By continuing, you agree to the Terms of Service and acknowledge our Privacy Policy

Climate

Vermont Reveals the New Dangers of Summer Rain

While hurricanes often dominate summer worries, climate change is supercharging the risks from your typical unnamed rainstorm.

Vermont flooding.
Heatmap Illustration/Getty Images

When a slow-moving storm soaked Vermont with two-months worth of rain on Sunday and Monday, there was a ready comparison at hand: Tropical Storm Irene. The August 2011 storm similarly caused widespread flooding and resulted in more than $700 million in damages. While damage assessments are ongoing from this week’s storm, more than 200 people had to be rescued throughout the state as floodwaters surged, and early images show extensive public and private infrastructure losses.

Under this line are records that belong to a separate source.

lemma cone_dominated_convex_combination:
  assumes C: "convex_cone C" and a: "a \<in> C" and c: "c \<in> C" and t: "0 < t" "t < 1"
    and e: "e > 0" and p: "p - e *\<^sub>R ((1 - t) *\<^sub>R a + t *\<^sub>R c) \<in> C"
  shows "a \<in> cone_dominated C p"
proof -
  have "p - (e * (1 - t)) *\<^sub>R a = (p - e *\<^sub>R ((1 - t) *\<^sub>R a + t *\<^sub>R c)) + (e * t) *\<^sub>R c"
    by (simp add: algebra_simps)
  also have "\<dots> \<in> C" using C p c e t by (intro convex_cone_add convex_cone_scaleR) auto
  finally show ?thesis
    using a e t unfolding cone_dominated_def by (auto intro!: exI[of _ "e * (1 - t)"])
qed

lemma cone_dominated_shrink:
  assumes C: "convex_cone C" and p: "p \<in> C" and z: "p - e' *\<^sub>R z \<in> C" and e: "0 < e" "e \<le> e'"
  shows "p - e *\<^sub>R z \<in> C"
proof -
  have "p - e *\<^sub>R z = (e / e') *\<^sub>R (p - e' *\<^sub>R z) + (1 - e / e') *\<^sub>R p"
    using e by (simp add: algebra_simps)
  also have "\<dots> \<in> C" using C z p e by (intro convex_cone_add convex_cone_scaleR) auto
  finally show ?thesis .
qed

lemma convex_cone_dominated:
  assumes C: "convex_cone C" and p: "p \<in> C"
  shows "convex (cone_dominated C p)"
  unfolding convex_alt
proof (intro ballI allI impI)
  fix x y and u :: real
  assume x: "x \<in> cone_dominated C p" and y: "y \<in> cone_dominated C p" and u: "0 \<le> u \<and> u \<le> 1"
  obtain e1 where e1: "e1 > 0" "p - e1 *\<^sub>R x \<in> C" "x \<in> C"
    using x unfolding cone_dominated_def by auto
  obtain e2 where e2: "e2 > 0" "p - e2 *\<^sub>R y \<in> C" "y \<in> C"
    using y unfolding cone_dominated_def by auto
  define e where "e = min e1 e2"
  have "p - e *\<^sub>R x \<in> C" "p - e *\<^sub>R y \<in> C"
    using cone_dominated_shrink[OF C p e1(2)] cone_dominated_shrink[OF C p e2(2)] e1 e2
    unfolding e_def by auto
  moreover have "p - e *\<^sub>R ((1 - u) *\<^sub>R x + u *\<^sub>R y) = (1 - u) *\<^sub>R (p - e *\<^sub>R x) + u *\<^sub>R (p - e *\<^sub>R y)"
    by (simp add: algebra_simps)
  ultimately have "p - e *\<^sub>R ((1 - u) *\<^sub>R x + u *\<^sub>R y) \<in> C"
    using C u by (metis convex_cone_add convex_cone_scaleR diff_ge_0_iff_ge)
  moreover have "(1 - u) *\<^sub>R x + u *\<^sub>R y \<in> C"
    using C e1 e2 u by (intro convex_cone_add convex_cone_scaleR) auto
  moreover have "e > 0" using e1 e2 unfolding e_def by auto
  ultimately show "(1 - u) *\<^sub>R x + u *\<^sub>R y \<in> cone_dominated C p"
    unfolding cone_dominated_def by auto
qed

Governor Phil Scott referred to the recent onslaught as “Irene 4.0” on Tuesday, while the National Weather Service’s Burlington, Vermont, office has repeatedly made its own Irene comparisons to drive home the danger residents continue to face from floodwaters.

However, this was not a tropical storm, which means there’s no name or ranking to refer back to. Instead, it was the sort of no-name summer storm that has long been a feature of the region but is now intensifying due to rising temperatures.

“We're not used to thinking about summer rainstorms as being a really dangerous hazard,” Anna Weber, a senior policy analyst with the Natural Resources Defense Council, told me. “But with the effects of climate change, maybe we should be.”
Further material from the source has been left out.